Tra (poche) luci e (molte) ombre ha preso il via il piano di raccolta differenziata “porta a porta”

Un momento dei controlli effettuati questa mattina

Frattanto scattano già le prime multe nei confronti dei trasgressori. LE FOTO

MONREALE, 13 marzo – Tolleranza sì, ma fino a un certo punto. Necessità di informare i cittadini nella maniera più capillare possibile, ma allo stesso tempo di usare le maniere forti di fronte alle trasgressioni. Tra pochi aspetti confortanti e tante difficoltà è partito ieri sera il piano di raccolta differenziata “porta a porta”, che ha coinvolto diverse zone della cittadina, soprattutto ubicate nella parte alta del centro abitato.

L’azione ricognitiva dell’amministrazione comunale, per vedere come era andata, stamattina è cominciata di buon ora. Già alle 6,30 gli assessori Giuseppe Cangemi e Nicola Taibi, titolari rispettivamente delle deleghe ai Servizi Ambientali ed alla Polizia Municipale, accompagnati dal vicecomandante di questa, Castrense Ganci, hanno effettuato un lungo giro della città, assieme ad alcuni dipendenti della ditta Mirto, per vedere come avevano risposto i cittadini a questo primo giorno di “rivoluzione” nel modo di conferire i rifiuti.
Ebbene il quadro era tutt’altro che confortante: un discreto numero di cittadini osservanti delle nuove regole, ma anche, purtroppo, un numero nettamente superiore di utenti che, o per ignoranza, o, peggio, per menefreghismo, hanno gettato i rifiuti in maniera indiscriminata. Evidentemente le vecchie abitudini non si superano nel giro di un giorno.

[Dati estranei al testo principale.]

(* Let $\Omega\subset\mathbb{R}^3$ be a bounded domain, assume Property A (see context) with constant $\rho\in[0,1)$, and let $0\le\alpha<(1-\rho)/2$. Then for every $h\in L^\infty_\alpha$, $$|S_\Omega KS_\Omega Kh|_{\infty,\alpha}\lesssim\operatorname{diam}(\Omega)\,|h|_{\infty,\alpha}.$$
   Context: Property A: there are $\nu$ and $k$, with $Kf(x,v)=\int_{\mathbb{R}^3}k(v,v_* )f(x,v_* )dv_*$, and $\gamma\in[0,1]$, $\rho\in[0,1)$, such that $(1+|v|)^\gamma\lesssim\nu(v)\lesssim(1+|v|)^\gamma$, $|\nabla\nu|\lesssim(1+|v|)^{\gamma-1}$, $|k(v,v_* )|\lesssim\frac{E(v,v_* )}{|v-v_*|(1+|v|+|v_*|)^{1-\gamma}}$ and $|\nabla_vk(v,v_* )|\lesssim\frac{(1+|v|)E(v,v_* )}{|v-v_*|^2(1+|v|+|v_*|)^{1-\gamma}}$, where $E=\exp(-\frac{1-\rho}{4}(|v-v_*|^2+(\frac{|v|^2-|v_*|^2}{|v-v_*|})^2))$. $\tau_{x,v}=\inf\{s\ge0:x-sv\in\Omega^c\}$; $S_\Omega h(x,v)=\int_0^{\tau_{x,v}}e^{-\nu(v)s}h(x-sv,v)ds$. $|f|_{\infty,\alpha}=\operatorname{ess\,sup}_{\Omega\times\mathbb{R}^3}e^{\alpha|v|^2}|f|$, $L^\infty_\alpha=\{f:|f|_{\infty,\alpha}<\infty\}$. $a\lesssim b$: $a\le Cb$ for a constant $C\ge0$ independent of $\Omega,h$. *)

theory Defs
  imports "HOL-Analysis.Analysis" "HOL-Probability.Essential_Supremum"
begin

type_synonym vec3 = "real^3"

text \<open>The Gaussian-type factor E(v,v_*) of Property A (meaningful for v \<noteq> v_*).\<close>
definition Efac :: "real \<Rightarrow> vec3 \<Rightarrow> vec3 \<Rightarrow> real" where
  "Efac \<rho> v w = exp (- ((1 - \<rho>) / 4) *
      ((norm (v - w))\<^sup>2 + (((norm v)\<^sup>2 - (norm w)\<^sup>2) / norm (v - w))\<^sup>2))"

definition propertyA :: "(vec3 \<Rightarrow> real) \<Rightarrow> (vec3 \<Rightarrow> vec3 \<Rightarrow> real) \<Rightarrow> real \<Rightarrow> real \<Rightarrow> bool" where
  "propertyA \<nu> k \<gamma> \<rho> \<longleftrightarrow>
     0 \<le> \<gamma> \<and> \<gamma> \<le> 1 \<and> 0 \<le> \<rho> \<and> \<rho> < 1 \<and>
     (\<lambda>(v, w). k v w) \<in> borel_measurable lborel \<and>
     (\<exists>c C. 0 < c \<and> (\<forall>v. c * (1 + norm v) powr \<gamma> \<le> \<nu> v \<and> \<nu> v \<le> C * (1 + norm v) powr \<gamma>)) \<and>
     (\<exists>C. \<forall>v. \<exists>D. (\<nu> has_derivative D) (at v) \<and> onorm D \<le> C * (1 + norm v) powr (\<gamma> - 1)) \<and>
     (\<exists>C. \<forall>v w. v \<noteq> w \<longrightarrow>
        \<bar>k v w\<bar> \<le> C * Efac \<rho> v w / (norm (v - w) * (1 + norm v + norm w) powr (1 - \<gamma>))) \<and>
     (\<exists>C. \<forall>v w. v \<noteq> w \<longrightarrow> (\<exists>D. ((\<lambda>u. k u w) has_derivative D) (at v) \<and>
        onorm D \<le> C * (1 + norm v) * Efac \<rho> v w /
                    ((norm (v - w))\<^sup>2 * (1 + norm v + norm w) powr (1 - \<gamma>))))"

definition Kop :: "(vec3 \<Rightarrow> vec3 \<Rightarrow> real) \<Rightarrow> (vec3 \<Rightarrow> vec3 \<Rightarrow> real) \<Rightarrow> vec3 \<Rightarrow> vec3 \<Rightarrow> real" where
  "Kop k f x v = (\<integral>w. k v w * f x w \<partial>lborel)"

definition tau :: "vec3 set \<Rightarrow> vec3 \<Rightarrow> vec3 \<Rightarrow> real" where
  "tau \<Omega> x v = Inf {s. 0 \<le> s \<and> x - s *\<^sub>R v \<notin> \<Omega>}"

definition S_op :: "vec3 set \<Rightarrow> (vec3 \<Rightarrow> real) \<Rightarrow> (vec3 \<Rightarrow> vec3 \<Rightarrow> real) \<Rightarrow> vec3 \<Rightarrow> vec3 \<Rightarrow> real" where
  "S_op \<Omega> \<nu> h x v = (LINT s:{0..tau \<Omega> x v}|lborel. exp (- \<nu> v * s) * h (x - s *\<^sub>R v) v)"

definition wnorm :: "vec3 set \<Rightarrow> real \<Rightarrow> (vec3 \<Rightarrow> vec3 \<Rightarrow> real) \<Rightarrow> ereal" where
  "wnorm \<Omega> \<alpha> f = esssup (restrict_space lborel (\<Omega> \<times> UNIV))
      (\<lambda>(x, v). ereal (exp (\<alpha> * (norm v)\<^sup>2) * \<bar>f x v\<bar>))"

end

(*
  Let E(v) = exp (-alpha |v|^2).  Completing the square in the exponent shows
  |k(v,w)| E(w) <= C E(v) exp (-d |v - w|^2) / |v - w| with d > 0 exactly when
  alpha < (1 - rho)/2.  Dominating the radial factors by a product of one-dimensional
  integrable functions of the coordinates of v - w, one gets that K maps E-bounded
  functions to E-bounded functions, and, since |v - w|^-1 |w|^-1 <= |v - w|^-2 + |w|^-2,
  also E(w)/|w|-bounded functions to E-bounded ones.  Along a backward characteristic
  S integrates for a time at most min (tau, 1/nu), where tau |v| <= diam Omega and
  nu >= c > 0.  Hence S K h is bounded by diam Omega E(v)/|v|, the second K absorbs the
  factor 1/|v|, and the second S costs only 1/c.  Almost-everywhere bounds survive the
  passage to characteristics because almost every line meets a null set in a null set
  of times.
*)

theory Submission
  imports Defs "HOL-Probability.Distributions"
begin

section \<open>Integrals and null sets\<close>

lemma abs_integral_le_of_nn_integral_le:
  fixes f g :: "'a \<Rightarrow> real"
  assumes "AE x in M. \<bar>f x\<bar> \<le> g x" "(\<integral>\<^sup>+x. ennreal (g x) \<partial>M) \<le> ennreal c" "0 \<le> c"
  shows "\<bar>integral\<^sup>L M f\<bar> \<le> c"
proof (cases "integrable M f")
  case True
  have "ennreal (integral\<^sup>L M (\<lambda>x. \<bar>f x\<bar>)) = (\<integral>\<^sup>+x. ennreal \<bar>f x\<bar> \<partial>M)"
    using True by (intro nn_integral_eq_integral[symmetric]) auto
  also have "\<dots> \<le> (\<integral>\<^sup>+x. ennreal (g x) \<partial>M)"
    using assms(1) by (intro nn_integral_mono_AE) (auto elim!: eventually_mono intro: ennreal_leI)
  also have "\<dots> \<le> ennreal c"
    by (rule assms(2))
  finally have "integral\<^sup>L M (\<lambda>x. \<bar>f x\<bar>) \<le> c"
    using ennreal_le_iff[OF assms(3)] by blast
  moreover have "\<bar>integral\<^sup>L M f\<bar> \<le> integral\<^sup>L M (\<lambda>x. \<bar>f x\<bar>)"
    using integral_norm_bound[of M f] by simp
  ultimately show ?thesis
    by linarith
qed (use assms(3) in \<open>simp add: not_integrable_integral_eq\<close>)

lemma nn_integral_exp_neg_Icc_le:
  fixes a T :: real
  assumes "0 < a" "0 \<le> T"
  shows "(\<integral>\<^sup>+s. ennreal (indicator {0..T} s * exp (- a * s)) \<partial>lborel) \<le> ennreal (min T (1 / a))"
proof -
  have "((\<lambda>s. exp (- a * s)) has_integral (- exp (- a * T) / a - - exp (- a * 0) / a)) {0..T}"
  proof (rule fundamental_theorem_of_calculus)
    fix s :: real
    have "((\<lambda>s. - exp (- a * s) / a) has_real_derivative exp (- a * s)) (at s within {0..T})"
      using assms by (auto intro!: derivative_eq_intros)
    then show "((\<lambda>s. - exp (- a * s) / a) has_vector_derivative exp (- a * s)) (at s within {0..T})"
      by (simp add: has_real_derivative_iff_has_vector_derivative)
  qed (use assms in auto)
  then have "((\<lambda>s. exp (- a * s)) has_integral ((1 - exp (- a * T)) / a)) {0..T}"
    by (simp add: diff_divide_distrib)
  from nn_integral_has_integral_lebesgue[OF _ this]
  have "(\<integral>\<^sup>+s. ennreal (indicator {0..T} s * exp (- a * s)) \<partial>lborel) = ennreal ((1 - exp (- a * T)) / a)"
    by simp
  moreover have "(1 - exp (- a * T)) / a \<le> T"
    using exp_ge_add_one_self[of "- a * T"] assms(1) by (simp add: divide_le_eq mult.commute)
  moreover have "(1 - exp (- a * T)) / a \<le> 1 / a"
    using assms(1) by (intro divide_right_mono) auto
  ultimately show ?thesis
    by (simp add: ennreal_leI)
qed

lemma integral_lborel_cong_except_point:
  fixes f g :: "real \<Rightarrow> real"
  assumes "\<And>s. s \<noteq> s0 \<Longrightarrow> f s = g s"
  shows "integral\<^sup>L lborel f = integral\<^sup>L lborel g"
proof -
  have transfer: "f' \<in> borel_measurable lborel"
    if "f \<in> borel_measurable lborel" "\<And>s. s \<noteq> s0 \<Longrightarrow> f s = f' s" for f f' :: "real \<Rightarrow> real"
  proof -
    have "f' = (\<lambda>s. if s = s0 then f' s0 else f s)"
      using that(2) by auto
    also have "\<dots> \<in> borel_measurable lborel"
      using that(1) by measurable
    finally show ?thesis .
  qed
  have measurable_iff: "f \<in> borel_measurable lborel \<longleftrightarrow> g \<in> borel_measurable lborel"
    using transfer[of f g] transfer[of g f] assms by metis
  show ?thesis
  proof (cases "f \<in> borel_measurable lborel")
    case True
    then show ?thesis
      using measurable_iff AE_lborel_singleton[of s0] assms
      by (intro integral_cong_AE) (auto elim: eventually_mono)
  next
    case False
    then have "\<not> integrable lborel f" "\<not> integrable lborel g"
      using measurable_iff borel_measurable_integrable by blast+
    then show ?thesis
      by (simp add: not_integrable_integral_eq)
  qed
qed

lemma AE_lborel_line_not_in:
  fixes N :: "'a::euclidean_space set"
  assumes "N \<in> null_sets lborel"
  shows "AE z in lborel. AE s in lborel. fst z - s *\<^sub>R snd z \<notin> N"
proof -
  have [measurable]: "N \<in> sets borel"
    using assms by (simp add: null_sets_def)
  have meas: "{p \<in> space (lborel \<Otimes>\<^sub>M lborel). fst p - s *\<^sub>R snd p \<notin> N} \<in> sets (lborel \<Otimes>\<^sub>M lborel)"
    for s :: real
    by measurable
  have "AE z in lborel. fst z - s *\<^sub>R snd z \<notin> N" for s :: real
  proof -
    have "AE v in lborel. AE x in lborel. x - s *\<^sub>R v \<notin> N"
      using AE_not_in[OF null_sets_translation[OF assms]] by simp
    then have "AE x in lborel. AE v in lborel. fst (x, v) - s *\<^sub>R snd (x, v) \<notin> N"
      using lborel_pair.AE_commute[where P="\<lambda>x v. x - s *\<^sub>R v \<notin> N", OF meas] by simp
    then have "AE z in lborel \<Otimes>\<^sub>M lborel. fst z - s *\<^sub>R snd z \<notin> N"
      by (rule lborel_pair.AE_pair_measure[OF meas])
    then show ?thesis
      by (simp only: lborel_prod)
  qed
  moreover have "{p \<in> space (lborel \<Otimes>\<^sub>M lborel). fst (fst p) - snd p *\<^sub>R snd (fst p) \<notin> N}
      \<in> sets ((lborel :: ('a \<times> 'a) measure) \<Otimes>\<^sub>M (lborel :: real measure))"
  proof -
    have [measurable]: "(\<lambda>p::('a \<times> 'a) \<times> real. fst (fst p) - snd p *\<^sub>R snd (fst p)) \<in> borel_measurable borel"
      by (intro borel_measurable_continuous_onI continuous_intros)
    have borel_set: "{p \<in> space borel. fst (fst p) - snd p *\<^sub>R snd (fst p) \<notin> N}
        \<in> sets (borel :: (('a \<times> 'a) \<times> real) measure)"
      by measurable
    have eq: "sets ((lborel :: ('a \<times> 'a) measure) \<Otimes>\<^sub>M (lborel :: real measure)) = sets borel"
      by (simp only: lborel_prod sets_lborel)
    show ?thesis
      unfolding eq sets_eq_imp_space_eq[OF eq] by (rule borel_set)
  qed
  ultimately show ?thesis
    using lborel_pair.AE_commute[where P="\<lambda>z s. fst z - s *\<^sub>R snd z \<notin> N"] by simp
qed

Per qualcuno, però, le cose non sono andate bene dal punto di vista della tasca. Un controllo accurato da parte degli addetti, infatti, ha permesso di risalire ai cittadini che avevano gettato la spazzatura in maniera scorretta. Per loro una multa salata, grazie alla quale – si spera – da domani saranno più osservanti.
“E’ chiaro, però – sottolinea l’assessore Cangemi – che il recepimento delle nuove disposizioni all’inizio non sarà immediato. Ecco perché continueremo a spiegare e a divulgare il nuovo modo di conferire i rifiuti, girando per le strade e parlando con i cittadini, come abbiamo fatto già stamattina. Inoltre contiamo di diffondere le nuove disposizioni, organizzando anche degli incontri nelle scuole. A questa azione, però, soprattutto man mano che passano i giorni si affiancheranno i controlli. Non permetteremo che venga vanificato il nostro lavoro e combatteremo chi è sordo al nuovo sistema di raccolta dei rifiuti”.

Oggi frattanto, è il giorno dell’umido, domani sarà la volta di carta, cartone, vetro e alluminio. Mercoledì toccherà alla plastica, giovedì all’umido, venerdì all’indifferenziato, sabato, infine, sarà ancora il giorno dell’umido.
La speranza è quella che le abitudini dei monrealesi cambino in fretta e che passi il concetto che la strada di una efficace raccolta differenziata è una strada che giova a tutti ed è indice di civiltà.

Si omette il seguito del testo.